Добавить в цитаты Настройки чтения

Страница 7 из 83

— Рассказывают, — говорит Брейгель, — будто ван Геел заплатил своим наемникам, захватившим ратушу, и тем, что должны были присоединиться к ним позднее, деньгами регентши.

— Вы это знаете? Да, он приехал в Брюссель, переодевшись купцом, и, встретившись с Марией,7 рассказал ей, что, якобы отрекшись от ложной доктрины, бежал из Мюнстера, дабы разоблачать безумие Иоанна Лейденского и потом, вернувшись, сразиться с ним. Он просил два полка, чтобы покорить Вестфалию и отвоевать Мюнстер прежде, чем это сделают друзья Лютера. Регентша позволила себя убедить. Он вернулся в Амстердам, поселился в гостинице под императорским гербом, стал другом бургомистра. Я иногда напоминаю эту историю моим коллегам из ратуши. Если бы анабаптисты захватили Амстердам, они освободили бы Мюнстер — и тогда, быть может, Бокелзон, которого называют Иоанном Лейденским, действительно стал бы владыкой мира.

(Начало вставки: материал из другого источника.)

(* Consider either spinless fermions or spinless bosons on the ring $[1:L]$, and let $H=\sum_{m=m_0}^{m_1}H^{(m)}=\bigoplus_{n\ge0}H_n$ be a Hamiltonian of the form described in the context. Let $n\geq m_1$ be such that $H_n\geq 0$ and $$H_{n+1}\geq \frac{1}{n+1-m_0}\sum_{j=1}^L a_j^\dagger H_n a_j .$$ Then $$\operatorname{gap}H_{n+1}\geq \frac{n+1-\Big\|P_{n+1}^\perp\sum_{j=1}^L a_j^\dagger P_n a_j P_{n+1}^\perp\Big\|}{n+1-m_0}\,\operatorname{gap}H_n .$$
   Context: Let $a_j^\dagger,a_j$ ($j\in[1:L]$) be the canonical creation and annihilation operators of spinless fermions (CAR) or bosons (CCR) on the Fock space over $\mathbb{C}^L$, and $N=\sum_{j}a_j^\dagger a_j$. The Hamiltonian is $H=\sum_{m=m_0}^{m_1}H^{(m)}$ with integers $m_0\le m_1$ and $$H^{(m)}=\sum_{1\le j_1,\dots,j_m\le L}\ \sum_{1\le k_1,\dots,k_m\le L} W^{k_1\dots k_m}_{j_1\dots j_m}\,a^\dagger_{j_1}\cdots a^\dagger_{j_m}a_{k_m}\cdots a_{k_1},$$ with coefficients $W\in\mathbb{C}$ such that each $H^{(m)}$ is self-adjoint; $H_n$ denotes the restriction of $H$ to the $n$-particle subspace. For each $n$, $P_n$ is the orthogonal projection (in the $n$-particle space) onto $\ker H_n$, $P_n^\perp=\mathbb{1}-P_n$, and $\operatorname{gap}H_n=\min\{\langle\psi,H_n\psi\rangle:\ \psi\perp\ker H_n,\ \|\psi\|=1\}$. The operator $\sum_j a_j^\dagger P_n a_j$ acts on the $(n+1)$-particle space, and $\|\cdot\|$ is the operator norm. *)

theory Defs
  imports "HOL-Analysis.Analysis"
begin

datatype stat = Fermi | Bose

— Ненадолго, — говорит Брейгель.

Брейгель стоит у двери в библиотеку.

— Я воспринимаю все это, — говорит Корнхерт, — как нескончаемый диалог со множеством участников. И мечтаю однажды собрать все противоречивые реплики в одной книге. Книга возьмет на себя роль синода. Все те, что веруют в Евангелие, но убивают друг друга, примирятся.

— Это будет хорошая книга, — соглашается Брейгель. — Хотя сомневаюсь, что она умиротворит все души. Если для решения подобной задачи недостаточно Евангелия, то какая философия с ней справится? Ученые теологи, быть может, и придут благодаря тебе к согласию; ну а все остальные?

Тут он умолкает, ибо замечает печаль в глазах собеседника, такого прекрасного человека, и понимает, что тот готов пожертвовать жизнью за свою любовь к справедливости и истине, за веру в Дух Божий, который присутствует в каждом человеке, даже если многие об этом не помнят.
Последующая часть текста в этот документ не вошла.